Stored items:
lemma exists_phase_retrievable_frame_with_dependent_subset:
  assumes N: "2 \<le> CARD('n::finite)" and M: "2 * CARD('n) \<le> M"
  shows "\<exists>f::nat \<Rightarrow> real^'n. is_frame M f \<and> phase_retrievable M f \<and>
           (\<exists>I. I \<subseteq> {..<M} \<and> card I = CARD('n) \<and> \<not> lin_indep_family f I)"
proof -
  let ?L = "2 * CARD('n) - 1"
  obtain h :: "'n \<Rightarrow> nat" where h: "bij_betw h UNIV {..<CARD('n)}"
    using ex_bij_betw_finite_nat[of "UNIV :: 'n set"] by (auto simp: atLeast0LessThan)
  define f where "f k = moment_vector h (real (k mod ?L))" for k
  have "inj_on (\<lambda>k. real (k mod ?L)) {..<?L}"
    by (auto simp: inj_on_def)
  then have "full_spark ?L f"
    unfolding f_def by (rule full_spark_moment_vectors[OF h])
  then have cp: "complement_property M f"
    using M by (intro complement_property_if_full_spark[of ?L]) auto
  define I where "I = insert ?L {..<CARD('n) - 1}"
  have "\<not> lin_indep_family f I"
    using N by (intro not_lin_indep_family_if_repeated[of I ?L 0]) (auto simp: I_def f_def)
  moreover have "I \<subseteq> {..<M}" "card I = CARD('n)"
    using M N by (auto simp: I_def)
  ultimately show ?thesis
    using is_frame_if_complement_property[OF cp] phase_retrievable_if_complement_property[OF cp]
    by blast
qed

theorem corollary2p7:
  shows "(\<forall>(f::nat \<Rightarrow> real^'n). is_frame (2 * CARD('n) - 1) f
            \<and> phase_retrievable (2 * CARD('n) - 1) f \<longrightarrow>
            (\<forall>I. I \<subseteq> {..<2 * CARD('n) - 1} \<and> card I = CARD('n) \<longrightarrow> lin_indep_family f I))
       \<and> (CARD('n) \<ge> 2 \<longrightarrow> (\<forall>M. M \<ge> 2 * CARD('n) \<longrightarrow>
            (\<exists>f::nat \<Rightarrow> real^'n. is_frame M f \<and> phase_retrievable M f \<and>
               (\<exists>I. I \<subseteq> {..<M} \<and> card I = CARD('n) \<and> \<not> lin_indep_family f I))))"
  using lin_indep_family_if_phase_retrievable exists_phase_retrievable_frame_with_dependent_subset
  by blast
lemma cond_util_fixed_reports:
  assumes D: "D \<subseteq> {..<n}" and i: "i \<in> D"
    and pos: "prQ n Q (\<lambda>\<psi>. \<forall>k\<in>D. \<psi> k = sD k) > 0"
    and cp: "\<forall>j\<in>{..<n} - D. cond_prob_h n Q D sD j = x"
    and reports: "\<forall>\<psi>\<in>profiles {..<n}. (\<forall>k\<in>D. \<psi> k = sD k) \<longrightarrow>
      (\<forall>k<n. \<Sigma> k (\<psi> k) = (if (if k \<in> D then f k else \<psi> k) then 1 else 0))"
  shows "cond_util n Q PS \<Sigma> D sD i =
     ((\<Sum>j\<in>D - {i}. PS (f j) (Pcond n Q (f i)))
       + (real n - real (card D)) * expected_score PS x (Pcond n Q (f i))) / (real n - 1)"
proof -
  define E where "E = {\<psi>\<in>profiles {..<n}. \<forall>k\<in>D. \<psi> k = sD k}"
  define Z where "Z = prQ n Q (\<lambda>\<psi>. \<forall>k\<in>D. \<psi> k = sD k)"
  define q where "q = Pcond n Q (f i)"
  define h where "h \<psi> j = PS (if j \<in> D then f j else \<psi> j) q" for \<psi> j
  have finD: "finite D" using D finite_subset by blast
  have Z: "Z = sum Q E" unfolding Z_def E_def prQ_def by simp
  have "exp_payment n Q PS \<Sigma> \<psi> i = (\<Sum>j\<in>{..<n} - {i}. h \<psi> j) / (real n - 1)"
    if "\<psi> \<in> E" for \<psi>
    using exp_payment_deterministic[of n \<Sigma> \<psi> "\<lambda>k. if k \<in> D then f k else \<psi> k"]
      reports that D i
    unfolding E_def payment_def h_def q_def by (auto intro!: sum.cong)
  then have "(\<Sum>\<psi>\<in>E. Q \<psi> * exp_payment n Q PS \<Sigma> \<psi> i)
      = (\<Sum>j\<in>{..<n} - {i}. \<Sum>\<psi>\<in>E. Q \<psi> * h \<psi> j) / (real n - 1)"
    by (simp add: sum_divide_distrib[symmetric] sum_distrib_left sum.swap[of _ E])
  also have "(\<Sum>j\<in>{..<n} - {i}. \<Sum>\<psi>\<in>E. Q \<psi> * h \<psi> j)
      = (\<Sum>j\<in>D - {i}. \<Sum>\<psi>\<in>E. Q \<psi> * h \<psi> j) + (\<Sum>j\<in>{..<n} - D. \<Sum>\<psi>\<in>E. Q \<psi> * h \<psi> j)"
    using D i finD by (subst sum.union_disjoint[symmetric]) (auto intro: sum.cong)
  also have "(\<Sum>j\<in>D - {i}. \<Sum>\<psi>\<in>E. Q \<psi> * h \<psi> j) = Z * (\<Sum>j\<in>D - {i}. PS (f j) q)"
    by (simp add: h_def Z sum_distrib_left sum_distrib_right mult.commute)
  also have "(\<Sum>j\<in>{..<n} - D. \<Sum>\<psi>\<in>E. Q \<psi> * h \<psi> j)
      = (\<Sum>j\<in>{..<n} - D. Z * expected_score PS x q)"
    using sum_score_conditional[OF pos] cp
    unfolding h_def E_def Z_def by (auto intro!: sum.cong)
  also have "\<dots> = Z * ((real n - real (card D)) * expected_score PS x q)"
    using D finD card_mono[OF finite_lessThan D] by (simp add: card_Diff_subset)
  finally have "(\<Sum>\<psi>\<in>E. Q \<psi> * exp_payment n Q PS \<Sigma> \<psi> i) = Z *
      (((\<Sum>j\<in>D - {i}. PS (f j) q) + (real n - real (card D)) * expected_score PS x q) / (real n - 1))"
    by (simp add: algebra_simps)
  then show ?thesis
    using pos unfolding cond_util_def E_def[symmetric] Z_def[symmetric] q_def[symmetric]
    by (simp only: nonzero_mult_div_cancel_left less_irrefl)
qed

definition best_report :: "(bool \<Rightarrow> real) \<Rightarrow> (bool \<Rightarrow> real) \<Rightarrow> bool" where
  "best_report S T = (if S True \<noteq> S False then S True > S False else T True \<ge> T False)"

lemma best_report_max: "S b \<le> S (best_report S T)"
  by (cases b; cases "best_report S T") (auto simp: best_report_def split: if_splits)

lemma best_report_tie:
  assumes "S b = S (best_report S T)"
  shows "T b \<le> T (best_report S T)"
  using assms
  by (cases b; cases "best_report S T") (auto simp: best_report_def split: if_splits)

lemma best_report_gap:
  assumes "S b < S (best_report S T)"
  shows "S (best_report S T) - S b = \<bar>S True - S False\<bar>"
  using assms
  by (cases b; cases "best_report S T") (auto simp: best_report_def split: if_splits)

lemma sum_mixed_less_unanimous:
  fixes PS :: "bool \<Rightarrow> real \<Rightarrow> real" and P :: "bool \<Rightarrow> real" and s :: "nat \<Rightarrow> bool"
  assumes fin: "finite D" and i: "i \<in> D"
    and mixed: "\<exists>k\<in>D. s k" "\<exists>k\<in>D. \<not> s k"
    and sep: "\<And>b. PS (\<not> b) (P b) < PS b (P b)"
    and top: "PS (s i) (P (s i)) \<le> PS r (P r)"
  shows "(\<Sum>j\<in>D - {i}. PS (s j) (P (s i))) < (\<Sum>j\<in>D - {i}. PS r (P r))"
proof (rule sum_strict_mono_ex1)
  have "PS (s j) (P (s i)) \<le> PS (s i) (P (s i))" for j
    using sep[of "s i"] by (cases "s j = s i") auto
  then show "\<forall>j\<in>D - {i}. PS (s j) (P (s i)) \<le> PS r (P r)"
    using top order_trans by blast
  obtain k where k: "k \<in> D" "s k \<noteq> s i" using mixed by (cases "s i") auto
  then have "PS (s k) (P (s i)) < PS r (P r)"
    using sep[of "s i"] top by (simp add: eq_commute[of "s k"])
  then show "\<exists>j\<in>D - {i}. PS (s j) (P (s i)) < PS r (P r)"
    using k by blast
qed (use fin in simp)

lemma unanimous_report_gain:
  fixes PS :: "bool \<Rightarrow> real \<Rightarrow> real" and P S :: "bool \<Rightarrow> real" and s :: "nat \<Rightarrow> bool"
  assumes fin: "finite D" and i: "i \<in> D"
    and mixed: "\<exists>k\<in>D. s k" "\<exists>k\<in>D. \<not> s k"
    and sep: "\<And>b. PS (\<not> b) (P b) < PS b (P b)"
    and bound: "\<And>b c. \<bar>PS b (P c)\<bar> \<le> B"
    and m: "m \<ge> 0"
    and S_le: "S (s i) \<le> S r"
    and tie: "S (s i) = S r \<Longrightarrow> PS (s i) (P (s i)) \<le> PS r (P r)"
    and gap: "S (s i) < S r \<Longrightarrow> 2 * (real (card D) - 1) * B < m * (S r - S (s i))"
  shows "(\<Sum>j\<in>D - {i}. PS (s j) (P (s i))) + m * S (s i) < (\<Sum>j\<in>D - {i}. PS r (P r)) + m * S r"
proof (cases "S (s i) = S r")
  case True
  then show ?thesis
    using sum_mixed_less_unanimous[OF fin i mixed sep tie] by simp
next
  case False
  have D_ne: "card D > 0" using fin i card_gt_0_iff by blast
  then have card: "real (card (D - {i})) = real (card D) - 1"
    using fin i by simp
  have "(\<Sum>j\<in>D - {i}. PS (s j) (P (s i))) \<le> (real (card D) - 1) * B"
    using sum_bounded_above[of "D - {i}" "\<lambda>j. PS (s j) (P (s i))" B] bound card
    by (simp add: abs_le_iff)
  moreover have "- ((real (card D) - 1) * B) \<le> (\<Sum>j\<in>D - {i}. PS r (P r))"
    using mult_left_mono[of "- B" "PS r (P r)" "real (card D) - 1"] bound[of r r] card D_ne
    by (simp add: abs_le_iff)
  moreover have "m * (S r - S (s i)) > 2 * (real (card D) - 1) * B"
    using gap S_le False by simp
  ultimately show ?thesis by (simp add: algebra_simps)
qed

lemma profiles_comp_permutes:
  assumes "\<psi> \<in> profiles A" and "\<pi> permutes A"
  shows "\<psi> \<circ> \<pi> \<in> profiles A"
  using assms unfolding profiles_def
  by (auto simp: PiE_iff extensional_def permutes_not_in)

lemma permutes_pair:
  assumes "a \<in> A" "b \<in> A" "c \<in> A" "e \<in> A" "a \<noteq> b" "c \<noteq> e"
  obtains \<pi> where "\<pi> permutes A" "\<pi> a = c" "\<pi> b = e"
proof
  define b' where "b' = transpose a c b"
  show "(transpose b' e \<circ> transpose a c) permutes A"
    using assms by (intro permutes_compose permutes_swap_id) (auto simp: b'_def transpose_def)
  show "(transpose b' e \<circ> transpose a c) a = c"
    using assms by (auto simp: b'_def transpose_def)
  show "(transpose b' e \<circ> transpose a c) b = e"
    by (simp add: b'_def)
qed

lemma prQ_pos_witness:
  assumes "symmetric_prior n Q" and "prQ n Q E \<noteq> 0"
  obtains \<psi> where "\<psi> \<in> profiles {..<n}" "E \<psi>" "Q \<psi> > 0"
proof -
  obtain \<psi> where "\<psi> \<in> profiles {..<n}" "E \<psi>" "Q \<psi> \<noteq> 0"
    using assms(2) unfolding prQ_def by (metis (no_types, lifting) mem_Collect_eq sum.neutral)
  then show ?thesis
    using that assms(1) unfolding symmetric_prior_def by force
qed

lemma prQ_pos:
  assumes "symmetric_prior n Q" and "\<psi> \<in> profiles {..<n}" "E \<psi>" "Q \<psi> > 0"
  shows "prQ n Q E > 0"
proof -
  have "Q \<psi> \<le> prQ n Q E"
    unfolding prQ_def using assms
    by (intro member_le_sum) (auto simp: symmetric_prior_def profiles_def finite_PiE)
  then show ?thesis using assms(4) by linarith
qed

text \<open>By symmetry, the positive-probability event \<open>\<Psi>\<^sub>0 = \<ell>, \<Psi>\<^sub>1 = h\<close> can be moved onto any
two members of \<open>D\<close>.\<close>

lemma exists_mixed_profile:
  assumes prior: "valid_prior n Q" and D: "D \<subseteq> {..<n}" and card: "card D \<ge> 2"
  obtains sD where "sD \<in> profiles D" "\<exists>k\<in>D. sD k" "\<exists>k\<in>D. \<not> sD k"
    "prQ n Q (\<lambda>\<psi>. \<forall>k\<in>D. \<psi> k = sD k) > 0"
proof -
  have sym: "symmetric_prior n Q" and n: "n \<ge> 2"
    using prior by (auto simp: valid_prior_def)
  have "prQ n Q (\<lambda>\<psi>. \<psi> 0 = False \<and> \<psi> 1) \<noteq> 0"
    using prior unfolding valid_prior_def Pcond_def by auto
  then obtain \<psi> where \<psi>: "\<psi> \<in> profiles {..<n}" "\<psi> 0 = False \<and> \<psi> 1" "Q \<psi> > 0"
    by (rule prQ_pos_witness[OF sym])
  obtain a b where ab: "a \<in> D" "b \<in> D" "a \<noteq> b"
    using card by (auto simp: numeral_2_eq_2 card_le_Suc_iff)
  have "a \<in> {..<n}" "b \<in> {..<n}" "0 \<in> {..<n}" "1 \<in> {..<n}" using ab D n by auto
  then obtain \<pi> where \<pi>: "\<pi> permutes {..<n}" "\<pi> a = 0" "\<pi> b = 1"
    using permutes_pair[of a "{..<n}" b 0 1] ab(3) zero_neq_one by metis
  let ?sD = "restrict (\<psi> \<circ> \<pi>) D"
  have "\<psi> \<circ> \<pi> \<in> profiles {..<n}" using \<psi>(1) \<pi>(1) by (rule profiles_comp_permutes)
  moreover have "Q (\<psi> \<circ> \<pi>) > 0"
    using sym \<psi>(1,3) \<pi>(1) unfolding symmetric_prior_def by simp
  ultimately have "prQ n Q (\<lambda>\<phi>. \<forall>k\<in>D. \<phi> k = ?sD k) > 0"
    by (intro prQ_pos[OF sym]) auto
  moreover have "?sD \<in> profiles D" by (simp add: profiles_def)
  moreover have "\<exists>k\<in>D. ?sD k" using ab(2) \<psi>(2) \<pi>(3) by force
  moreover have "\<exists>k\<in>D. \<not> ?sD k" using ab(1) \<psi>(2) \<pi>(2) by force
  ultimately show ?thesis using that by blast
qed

• _Exercise prompt_: Whenever a line of the data includes the word "noteq", show that line in full.

• _Response to this task_:
  "best_report S T = (if S True \<noteq> S False then S True > S False else T True \<ge> T False)"
  obtain k where k: "k \<in> D" "s k \<noteq> s i" using mixed by (cases "s i") auto
  assumes "a \<in> A" "b \<in> A" "c \<in> A" "e \<in> A" "a \<noteq> b" "c \<noteq> e"
  assumes "symmetric_prior n Q" and "prQ n Q E \<noteq> 0"
  obtain \<psi> where "\<psi> \<in> profiles {..<n}" "E \<psi>" "Q \<psi> \<noteq> 0"
  have "prQ n Q (\<lambda>\<psi>. \<psi> 0 = False \<and> \<psi> 1) \<noteq> 0"
  obtain a b where ab: "a \<in> D" "b \<in> D" "a \<noteq> b"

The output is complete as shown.